- Date: May 2022 – June 2022;
- Location: Khyber Pakhtunkhwa, Pakistan

Statistics
- Burned area: 14,430 acres (5,840 ha)
- Land use: Forests and pastures

Impacts
- Deaths: 4

= 2022 Khyber Pakhtunkhwa wildfires =

Forest fires in Khyber Pakhtunkhwa, Pakistan

From the end of May to mid June 2022, more than 200 forest fires in different districts of Khyber Pakhtunkhwa province of Pakistan damaged 14,430 acres of forests and pastures. While 402 incidents of forest fires were reported in one month, the highest number of 129 forest fires was reported in Abbottabad District. According to the report, forest fires broke out at 55 places in Mansehra District, 29 in Lakki Marwat District, 39 in Dera Ismail Khan District and 24 in Swat District.

==Haripur wildfire==
On 16 May 2022, hundreds of acres of forest trees were uprooted and hundreds of large trees and shrubs were reduced to ashes in 70% of the forest area, in the hilly area of Makniyal in the Khanpur Tehsil of Haripur District, Khyber Pakhtunkhwa, Pakistan.
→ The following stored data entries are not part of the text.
(* Let $\mathbb K=\prod_s\mathbb F_s^{alg}/\mathcal D$. Then $\mathbb K\cap\mathbb F^{alg}=\mathfrak K^{alg}$, where $\mathfrak K^{alg}$ is the set of elements of $\mathbb K$ algebraic over $\mathfrak K$ (an algebraic closure of $\mathfrak K$).
   Context: Let $S$ be an infinite set, $\mathcal D$ a nonprincipal ultrafilter on $S$; ultraproducts $\prod_sA_s/\mathcal D$ consist of tuples modulo agreement on a set in $\mathcal D$, classes written $\mathrm{ulim}_sa_s$, componentwise operations. For each $s$ let $\mathbb F_s$ be a field, $\mathfrak F_s=\mathbb F_s(t)$, fix an algebraic closure $\mathfrak F_s^{alg}$ and let $\mathbb F_s^{alg}\subseteq\mathfrak F_s^{alg}$ be the algebraic closure of $\mathbb F_s$ in it. Let $\mathfrak K=\prod_s\mathbb F_s/\mathcal D$, $\mathbb F=\mathfrak K(t)\subseteq\prod_s\mathfrak F_s/\mathcal D$ (via $\sum_i(\mathrm{ulim}_sa_{i,s})t^i\mapsto\mathrm{ulim}_s\sum_ia_{i,s}t^i$), and $\mathbb F^{alg}$ the set of elements of $\prod_s\mathfrak F_s^{alg}/\mathcal D$ algebraic over $\mathbb F$; note $\mathbb K\subseteq\prod_s\mathfrak F_s^{alg}/\mathcal D$. *)

theory Defs
  imports "HOL-Algebra.Algebra" "HOL-Algebra.Generated_Fields" "HOL-Library.FuncSet"
begin

definition ultrafilter_on :: "'s set \<Rightarrow> 's set set \<Rightarrow> bool" where
  "ultrafilter_on S D \<longleftrightarrow>
     D \<subseteq> Pow S \<and> S \<in> D \<and> {} \<notin> D \<and>
     (\<forall>A B. A \<in> D \<longrightarrow> B \<in> D \<longrightarrow> A \<inter> B \<in> D) \<and>
     (\<forall>A B. A \<in> D \<longrightarrow> A \<subseteq> B \<longrightarrow> B \<subseteq> S \<longrightarrow> B \<in> D) \<and>
     (\<forall>A. A \<subseteq> S \<longrightarrow> A \<in> D \<or> S - A \<in> D)"

definition nonprincipal_on :: "'s set \<Rightarrow> 's set set \<Rightarrow> bool" where
  "nonprincipal_on S D \<longleftrightarrow> (\<forall>s\<in>S. {s} \<notin> D)"

definition uprod :: "'s set \<Rightarrow> ('s \<Rightarrow> ('a, 'b) ring_scheme) \<Rightarrow> ('s \<Rightarrow> 'a) set" where
  "uprod S L = (\<Pi>\<^sub>E s\<in>S. carrier (L s))"

definition ueq :: "'s set set \<Rightarrow> 's set \<Rightarrow> ('s \<Rightarrow> 'a) \<Rightarrow> ('s \<Rightarrow> 'a) \<Rightarrow> bool" where
  "ueq D S f g \<longleftrightarrow> {s \<in> S. f s = g s} \<in> D"

definition ulim :: "'s set set \<Rightarrow> 's set \<Rightarrow> ('s \<Rightarrow> ('a, 'b) ring_scheme) \<Rightarrow> ('s \<Rightarrow> 'a) \<Rightarrow> ('s \<Rightarrow> 'a) set" where
  "ulim D S L f = {g \<in> uprod S L. ueq D S f g}"

definition urep :: "('s \<Rightarrow> 'a) set \<Rightarrow> ('s \<Rightarrow> 'a)" where
  "urep P = (SOME f. f \<in> P)"

definition umult :: "'s set set \<Rightarrow> 's set \<Rightarrow> ('s \<Rightarrow> ('a, 'b) ring_scheme) \<Rightarrow> ('s \<Rightarrow> 'a) set \<Rightarrow> ('s \<Rightarrow> 'a) set \<Rightarrow> ('s \<Rightarrow> 'a) set" where
  "umult D S L P Q = ulim D S L (restrict (\<lambda>s. monoid.mult (L s) (urep P s) (urep Q s)) S)"
(* Let $Y$ be a continuous random variable supported on $[0,\infty)$ whose density $f$ satisfies $f(t)\le Ce^{-\lambda t}$ for all $t\ge0$, for some $C,\lambda>0$, and such that the support of $Y$ can be partitioned into $N$ intervals on each of which $f$ is differentiable and monotone. Let $\alpha$ satisfy $0<\alpha\le\lambda/2$. Then there is a constant $K_\alpha$ (depending on $\alpha,C,\lambda,N$) such that for every complex $s$ with $\Re s = -\alpha$, \[ |\mathbb{E}[e^{-sY}]| \le \frac{K_\alpha}{\sqrt{|s|}}. \] *)

theory Defs
  imports "HOL-Probability.Probability"
begin

definition piecewise_diff_monotone :: "nat \<Rightarrow> (real \<Rightarrow> real) \<Rightarrow> real set \<Rightarrow> bool" where
  "piecewise_diff_monotone N f S \<longleftrightarrow>
     (\<exists>I :: nat \<Rightarrow> real set.
        (\<forall>k<N. is_interval (I k) \<and> I k \<noteq> {} \<and> f differentiable_on I k
                \<and> (mono_on (I k) f \<or> antimono_on (I k) f))
      \<and> (\<forall>j<N. \<forall>k<N. j \<noteq> k \<longrightarrow> I j \<inter> I k = {})
      \<and> (\<Union>k<N. I k) = S)"

end

theory Submission
  imports Defs
begin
==Shangla District wildfire==
On 4 June 2022, a forest fire broke out in Ali Jan Capri area of Chakesar, a remote area of Shangla District, Pakistan, as a result of which a girl, two children and a woman were burnt to death while collecting firewood.

Some people were also injured and shifted to Tehsil Headquarters Hospital Chakesar as rescue operation continued.